One of the first tasks I had when I came on as director was to supervise the construction of the sign pictured below, which covered the chimney and window on the right side of the building. It was our way of getting some visibility on Sunset Boulevard for the community and Swami Vishnu’s best-selling book.
Below is a photo from Dec. 2012, when I re-visited the site of the old Yoga Community. It’s easy to see how close the windows of our meditation room were to the dumpster.
You asked, “Are there some sounds that are intrinsically disturbing?” I would say that your thoughtful answer is only partially true. The sound of a dog barking, tied up, abandoned without food or water, slowly starving to death, should disturb us because it is this disturbance that spurs us to act. The sound of a human or animal being tortured, the cries of war and all the other sounds in response to the horrors on the earth plane — I find these sounds intrinsically disturbing. If we no longer find them disturbing it is not usually due to inner calm. It is because human beings grow accustomed to sounds and sights that were initially disturbing.
As for the sound of the dumpster, true, in this case, good to “see” the sound from a greater perspective, but one can’t help but wonder why the ashram didn’t change the time of the morning meditation….
You make a strong case for the sounds of suffering being intrinsically disturbing, but I would stick to my observation that even in those cases, it’s a matter of perspective. One would have to be an incredibly twisted human to hear those sounds as anything other than horrible, but there are indeed horrible humans out there for whom the sound of suffering is literally music to their ears.
Mother Theresa, for example, valued human suffering. She sought it out, and gathered it to herself in unimaginable quantities. She explicitly taught that immersing ourselves in suffering brought us closer to god. That’s why she didn’t use any of the vast sums of money she raised to help heal the people who came to her, she was only focused on helping them die in pretty miserable circumstances. Pretty fucked, up, huh? More info here: http://www.slate.com/articles/news_and_politics/fighting_words/2003/10/mommie_dearest.html
Thank you, Leslie, as always, your responses are most interesting!
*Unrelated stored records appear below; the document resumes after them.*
(* Let $U\in C^{3}(\mathbb{R}^{d})$ be a Morse function with finitely many critical points satisfying the growth conditions in the context, and let $\boldsymbol{\ell}$ be a smooth vector field with $\nabla U\cdot\boldsymbol{\ell}\equiv0$. For $\epsilon>0$ let $\mathscr{L}_{\epsilon}f=-(\nabla U+\boldsymbol{\ell})\cdot\nabla f+\epsilon\Delta f$. Then for every $\epsilon>0$ there exists $r_{0}=r_{0}(\epsilon)>0$ such that $(\mathscr{L}_{\epsilon}U)(\boldsymbol{x})\le-3$ for all $\boldsymbol{x}\notin\mathcal{D}_{r_{0}}(\boldsymbol{0})$, where $\mathcal{D}_{r}(\boldsymbol{0})$ is the open ball of radius $r$ centered at the origin.
   Context: Growth conditions: $\lim_{n\to\infty}\inf_{|\boldsymbol{x}|\ge n}U(\boldsymbol{x})/|\boldsymbol{x}|=\infty$, $\lim_{|\boldsymbol{x}|\to\infty}\frac{\boldsymbol{x}}{|\boldsymbol{x}|}\cdot\nabla U(\boldsymbol{x})=\infty$, $\lim_{|\boldsymbol{x}|\to\infty}\{|\nabla U(\boldsymbol{x})|-2\Delta U(\boldsymbol{x})\}=\infty$. *)

theory Defs
  imports "HOL-Analysis.Analysis"
begin

definition pd :: "'n::finite \<Rightarrow> (real^'n \<Rightarrow> real) \<Rightarrow> real^'n \<Rightarrow> real" where
  "pd i f x = frechet_derivative f (at x) (axis i 1)"

definition grad :: "(real^'n::finite \<Rightarrow> real) \<Rightarrow> real^'n \<Rightarrow> real^'n" where
  "grad f x = (\<chi> i. pd i f x)"

definition laplacian :: "(real^'n::finite \<Rightarrow> real) \<Rightarrow> real^'n \<Rightarrow> real" where
  "laplacian f x = (\<Sum>i\<in>UNIV. pd i (pd i f) x)"

definition hessian :: "(real^'n::finite \<Rightarrow> real) \<Rightarrow> real^'n \<Rightarrow> real^'n^'n" where
  "hessian f x = (\<chi> i j. pd j (pd i f) x)"

fun Ck :: "nat \<Rightarrow> (real^'n::finite \<Rightarrow> real) \<Rightarrow> bool" where
  "Ck 0 f = continuous_on UNIV f"
| "Ck (Suc k) f = (continuous_on UNIV f \<and> (\<forall>x. f differentiable (at x)) \<and> (\<forall>i. Ck k (pd i f)))"

definition smooth_field :: "(real^'n::finite \<Rightarrow> real^'n) \<Rightarrow> bool" where
  "smooth_field l = (\<forall>k j. Ck k (\<lambda>x. l x $ j))"

definition critical_points :: "(real^'n::finite \<Rightarrow> real) \<Rightarrow> (real^'n) set" where
  "critical_points f = {x. grad f x = 0}"

definition morse :: "(real^'n::finite \<Rightarrow> real) \<Rightarrow> bool" where
  "morse f = (\<forall>x\<in>critical_points f. det (hessian f x) \<noteq> 0)"

definition gen :: "(real^'n::finite \<Rightarrow> real) \<Rightarrow> (real^'n \<Rightarrow> real^'n) \<Rightarrow> real
    \<Rightarrow> (real^'n \<Rightarrow> real) \<Rightarrow> real^'n \<Rightarrow> real" where
  "gen U l eps f x = - ((grad U x + l x) \<bullet> grad f x) + eps * laplacian f x"

end

theory Submission
  imports Defs
begin

(* Since grad U is orthogonal to l, the generator applied to U is eps * laplacian U - |grad U|^2.
   The radial growth condition forces |grad U| to infinity, and the third growth condition
   makes laplacian U at most |grad U| / 2 far out, so the negative square dominates. *)

lemma inner_sgn_le_norm:
  fixes x v :: "'a::real_inner"
  shows "sgn x \<bullet> v \<le> norm v"
proof -
  have "sgn x \<bullet> v \<le> norm (sgn x) * norm v"
    by (rule norm_cauchy_schwarz)
  also have "\<dots> \<le> norm v"
    by (simp add: norm_sgn)
  finally show ?thesis .
qed

lemma filterlim_norm_at_top_if_radial_at_top:
  fixes f :: "'a::real_inner \<Rightarrow> 'a"
  assumes "filterlim (\<lambda>x. (x /\<^sub>R norm x) \<bullet> f x) at_top F"
  shows "filterlim (\<lambda>x. norm (f x)) at_top F"
  using assms by (rule filterlim_at_top_mono) (simp add: inner_sgn_le_norm flip: sgn_div_norm)

lemma eventually_at_infinity_outside_ball:
  fixes P :: "'a::real_normed_vector \<Rightarrow> bool"
  assumes "eventually P at_infinity"
  shows "\<exists>r>0. \<forall>x. x \<notin> ball 0 r \<longrightarrow> P x"
  using assms unfolding eventually_at_infinity_pos by (auto simp: not_less)

lemma gen_self_eq:
  assumes "grad U x \<bullet> l x = 0"
  shows "gen U l eps U x = eps * laplacian U x - (norm (grad U x))\<^sup>2"
  using assms
  by (simp add: gen_def inner_add_left inner_commute[of "l x"] power2_norm_eq_inner)

lemma half_weighted_sub_square_le:
  fixes eps g a :: real
  assumes "0 \<le> eps" and "eps + 2 \<le> g" and "2 * a \<le> g"
  shows "eps * a - g\<^sup>2 \<le> -3"
proof -
  have "eps * a \<le> eps * (g / 2)"
    using assms by (intro mult_left_mono) auto
  moreover have "2 * 2 \<le> g * (g - eps / 2)"
    using assms by (intro mult_mono) auto
  ultimately show ?thesis
    by (simp add: power2_eq_square algebra_simps)
qed

theorem lemma5p1:
  fixes U :: "real^'n::finite \<Rightarrow> real" and l :: "real^'n \<Rightarrow> real^'n"
  assumes C3: "Ck 3 U"
    and Morse: "morse U"
    and fin: "finite (critical_points U)"
    and grow1: "filterlim (\<lambda>x. U x / norm x) at_top at_infinity"
    and grow2: "filterlim (\<lambda>x. (x /\<^sub>R norm x) \<bullet> grad U x) at_top at_infinity"
    and grow3: "filterlim (\<lambda>x. norm (grad U x) - 2 * laplacian U x) at_top at_infinity"
    and l_smooth: "smooth_field l"
    and orth: "\<And>x. grad U x \<bullet> l x = 0"
  shows "\<forall>eps>0. \<exists>r0>0. \<forall>x. x \<notin> ball 0 r0 \<longrightarrow> gen U l eps U x \<le> -3"
proof (intro allI impI)
  fix eps :: real
  assume "eps > 0"
  have "filterlim (\<lambda>x. norm (grad U x)) at_top at_infinity"
    using grow2 by (rule filterlim_norm_at_top_if_radial_at_top)
  then have "\<forall>\<^sub>F x in at_infinity. eps + 2 \<le> norm (grad U x)"
    by (simp add: filterlim_at_top)
  moreover have "\<forall>\<^sub>F x in at_infinity. 2 * laplacian U x \<le> norm (grad U x)"
    using grow3 unfolding filterlim_at_top by (auto elim: allE[of _ 0])
  ultimately have "\<forall>\<^sub>F x in at_infinity. gen U l eps U x \<le> -3"
    by eventually_elim
      (use \<open>eps > 0\<close> in \<open>simp add: gen_self_eq orth half_weighted_sub_square_le\<close>)
  then show "\<exists>r0>0. \<forall>x. x \<notin> ball 0 r0 \<longrightarrow> gen U l eps U x \<le> -3"
    by (rule eventually_at_infinity_outside_ball)
qed

end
Naturally I question throwing Mother Theresa into the same sick pot as those who deliberately cause suffering (in my mind embracing suffering and causing suffering are two different things) but I will eagerly read the article you recommend above and respond after I have time to meditate on all this.
Wow! Thank you, excellent article. Now I see Mother Theresa from a totally different perspective! (I was raised a Pentecostal Christian so I know something about fanatics and missionary zeal. Have had to curb my tendency to be a yoga zealot.)
This passage really hit me: ” EMT [Mother Theresa] was not a friend of the poor. She was a friend of poverty. She said that suffering was a gift from God. She spent her life opposing the only known cure for poverty, which is the empowerment of women and the emancipation of them from a livestock version of compulsory reproduction.”
The above “E” in EMT is a typo.
So simply put. I will share this with my students at the studio for this is the essence of Yoga.
Wow! I love this story. It rings so true. I had no idea you were a swami in the Sivananda Vedanta organisation. Presumably you took the vows of abstinence etc. as all swamis do? What made you renounce and leave the organisation?
I renounced my renunciation over chastity issues.
I left the organization over obedience issues.
More stories for another day.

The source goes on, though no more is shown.